La viole celtique, Jordi Savall (violes), Frank McGuire (bodhrán), Andrew Lawrence-King (harpe irlandaise et psaltérion)

Alia Vox AVSA9878 (Naïve). 2010. 74'

NOUVEAUTE      

La note de Classica :

Le premier volume "The Celtic viol" de Jordi Savall nous avait laissés quelque peu sur notre soif... les différents airs et danses manquant notablement de whisk(e)y, et la cervoise était un peu tiède pour nos goûts français. Nous regrettions ainsi que les œuvres interprétées soient privées de leur côté populaire et folklorique et ne nous fassent pas danser (cf. la critique Classica de juillet 2009). Mais finalement est-ce le propos lorsque Jordi Savall enregistre cette "Éloge de la transmission" d'airs et de danses traditionnelles irlandaises et écossaises ? Non.
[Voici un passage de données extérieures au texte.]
(* Let $X$ be a compact metric space, $T:X\to X$ continuous, $\Phi=\{\phi_n\}$ a supadditive potential on $X$, $k$ a positive integer, and $\mu$ an ergodic $T$-invariant Borel probability measure. Then there is a constant $C$ such that for every $\eta>0$ there exists $\epsilon_0>0$ such that for all $0<\epsilon<\epsilon_0$, $n\ge1$ and $\delta\in(0,1)$, \[ P_\mu(T,\Phi,n,\epsilon,\delta)\ge e^{-n\eta-C}\,P_\mu\big(T,\tfrac{\phi_k}{k},n,\epsilon,\delta\big), \] and consequently $P_\mu(T,\Phi)\ge P_\mu\big(T,\tfrac{\phi_k}{k}\big)$.
   Context: $B_n(x,\epsilon)=\{y:d(T^ix,T^iy)<\epsilon,\ 0\le i\le n-1\}$. Supadditive potential: continuous $\phi_n$ with $\phi_{n+m}(x)\ge\phi_n(x)+\phi_m(T^nx)$. $F\subseteq X$ is $(n,\epsilon,\delta)$-spanning if $\mu(\bigcup_{x\in F}B_n(x,\epsilon))\ge1-\delta$. For $\Phi$: $P_\mu(T,\Phi,n,\epsilon,\delta)=\inf\{\sum_{x\in F}e^{\phi_n(x)}:F\ (n,\epsilon,\delta)\text{-spanning}\}$ and $P_\mu(T,\Phi)=\lim_{\delta\to0}\lim_{\epsilon\to0}\limsup_{n\to\infty}\frac1n\log P_\mu(T,\Phi,n,\epsilon,\delta)$. For a continuous function $\psi$ with $g_n=\sum_{i=0}^{n-1}\psi\circ T^i$: $P_\mu(T,\psi,n,\epsilon,\delta)=\inf\{\sum_{x\in F}\exp(\sup_{y\in B_n(x,\epsilon)}g_n(y)):F\ (n,\epsilon,\delta)\text{-spanning}\}$ and $P_\mu(T,\psi)=\lim_{\delta\to0}\liminf_{\epsilon\to0}\limsup_{n\to\infty}\frac1n\log P_\mu(T,\psi,n,\epsilon,\delta)$. *)

theory Defs
  imports "HOL-Probability.Probability"
begin

definition bowen_ball :: "('a::metric_space \<Rightarrow> 'a) \<Rightarrow> nat \<Rightarrow> 'a \<Rightarrow> real \<Rightarrow> 'a set" where
  "bowen_ball T n x \<epsilon> = {y. \<forall>i<n. dist ((T ^^ i) x) ((T ^^ i) y) < \<epsilon>}"

definition spanning :: "'a measure \<Rightarrow> ('a::metric_space \<Rightarrow> 'a) \<Rightarrow> nat \<Rightarrow> real \<Rightarrow> real \<Rightarrow> 'a set \<Rightarrow> bool" where
  "spanning M T n \<epsilon> \<delta> F \<longleftrightarrow> finite F \<and>
     measure M (\<Union>x\<in>F. bowen_ball T n x \<epsilon>) \<ge> 1 - \<delta>"

definition supadditive_potential :: "('a::metric_space \<Rightarrow> 'a) \<Rightarrow> (nat \<Rightarrow> 'a \<Rightarrow> real) \<Rightarrow> bool" where
  "supadditive_potential T \<phi> \<longleftrightarrow>
     (\<forall>n\<ge>1. continuous_on UNIV (\<phi> n)) \<and>
     (\<forall>n\<ge>1. \<forall>m\<ge>1. \<forall>x. \<phi> (n + m) x \<ge> \<phi> n x + \<phi> m ((T ^^ n) x))"

definition pressure_pot_n :: "'a measure \<Rightarrow> ('a::metric_space \<Rightarrow> 'a) \<Rightarrow> (nat \<Rightarrow> 'a \<Rightarrow> real)
    \<Rightarrow> nat \<Rightarrow> real \<Rightarrow> real \<Rightarrow> real" where
  "pressure_pot_n M T \<phi> n \<epsilon> \<delta> =
     Inf {(\<Sum>x\<in>F. exp (\<phi> n x)) | F. spanning M T n \<epsilon> \<delta> F}"

definition birkhoff_sum :: "('a \<Rightarrow> 'a) \<Rightarrow> ('a \<Rightarrow> real) \<Rightarrow> nat \<Rightarrow> 'a \<Rightarrow> real" where
  "birkhoff_sum T \<psi> n y = (\<Sum>i<n. \<psi> ((T ^^ i) y))"

definition pressure_fun_n :: "'a measure \<Rightarrow> ('a::metric_space \<Rightarrow> 'a) \<Rightarrow> ('a \<Rightarrow> real)
    \<Rightarrow> nat \<Rightarrow> real \<Rightarrow> real \<Rightarrow> real" where
  "pressure_fun_n M T \<psi> n \<epsilon> \<delta> =
     Inf {(\<Sum>x\<in>F. exp (SUP y\<in>bowen_ball T n x \<epsilon>. birkhoff_sum T \<psi> n y)) | F. spanning M T n \<epsilon> \<delta> F}"

definition pressure_pot :: "'a measure \<Rightarrow> ('a::metric_space \<Rightarrow> 'a) \<Rightarrow> (nat \<Rightarrow> 'a \<Rightarrow> real) \<Rightarrow> ereal" where
  "pressure_pot M T \<phi> =
     Lim (at_right 0) (\<lambda>\<delta>. Lim (at_right 0) (\<lambda>\<epsilon>.
        limsup (\<lambda>n. ereal (ln (pressure_pot_n M T \<phi> n \<epsilon> \<delta>) / real n))))"

definition pressure_fun :: "'a measure \<Rightarrow> ('a::metric_space \<Rightarrow> 'a) \<Rightarrow> ('a \<Rightarrow> real) \<Rightarrow> ereal" where
  "pressure_fun M T \<psi> =
     Lim (at_right 0) (\<lambda>\<delta>. Liminf (at_right 0) (\<lambda>\<epsilon>.
        limsup (\<lambda>n. ereal (ln (pressure_fun_n M T \<psi> n \<epsilon> \<delta>) / real n))))"

definition invariant_measure :: "'a measure \<Rightarrow> ('a \<Rightarrow> 'a) \<Rightarrow> bool" where
  "invariant_measure M T \<longleftrightarrow> T \<in> measurable M M \<and> distr M M T = M"

definition ergodic :: "'a measure \<Rightarrow> ('a \<Rightarrow> 'a) \<Rightarrow> bool" where
  "ergodic M T \<longleftrightarrow> invariant_measure M T \<and>
     (\<forall>A\<in>sets M. T -` A \<inter> space M = A \<longrightarrow> measure M A = 0 \<or> measure M A = 1)"

end

theory Submission
  imports Defs
begin

text \<open>
  Cut the orbit segment \<open>x, T x, \<dots>, T\<^sup>n\<^sup>-\<^sup>1 x\<close> into consecutive blocks of length \<open>k\<close>,
  starting at each of the \<open>k\<close> possible offsets. For every offset, supadditivity bounds the sum
  of \<open>\<phi>\<^sub>k\<close> over the blocks by \<open>\<phi>\<^sub>n(x)\<close> up to two boundary terms; summing over the
  offsets shows that the Birkhoff sum of \<open>\<phi>\<^sub>k/k\<close> is at most \<open>\<phi>\<^sub>n(x) + C\<close>, with \<open>C\<close>
  depending only on \<open>\<phi>\<^sub>1, \<dots>, \<phi>\<^sub>2\<^sub>k\<close>. By uniform continuity of \<open>\<phi>\<^sub>k/k\<close>, on a
  Bowen ball of small radius the Birkhoff sum exceeds its value at the centre by at most
  \<open>n\<eta>\<close>. Hence every term of a spanning sum for \<open>\<Phi>\<close> dominates \<open>e\<^sup>-\<^sup>n\<^sup>\<eta>\<^sup>-\<^sup>C\<close> times
  the corresponding term for \<open>\<phi>\<^sub>k/k\<close>, and taking infima over spanning sets gives the
  finite-scale inequality. The pressure inequality follows after taking logarithms, dividing
  by \<open>n\<close> and passing to the limits.
\<close>

section \<open>Orbit sums of supadditive potentials\<close>

lemma supadditive_potentialD:
  "supadditive_potential T \<phi> \<Longrightarrow> 1 \<le> a \<Longrightarrow> 1 \<le> b \<Longrightarrow> \<phi> a x + \<phi> b ((T ^^ a) x) \<le> \<phi> (a + b) x"
  unfolding supadditive_potential_def by blast

lemma continuous_on_supadditive_potential:
  "supadditive_potential T \<phi> \<Longrightarrow> n \<ge> 1 \<Longrightarrow> continuous_on UNIV (\<phi> n)"
  unfolding supadditive_potential_def by blast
Savall s'écarte volontairement de la tradition folklorique réservée aux pubs dans le but de distraire, d'amuser les buveurs de Guinness et de whisk(e)y — les Chieftains pour cela font parfaitement l'affaire — pour mieux remonter aux sources, souligner l'âme heureuse et méditative de ces musiques d'Écosse et d'Irlande et leur rendre grand hommage.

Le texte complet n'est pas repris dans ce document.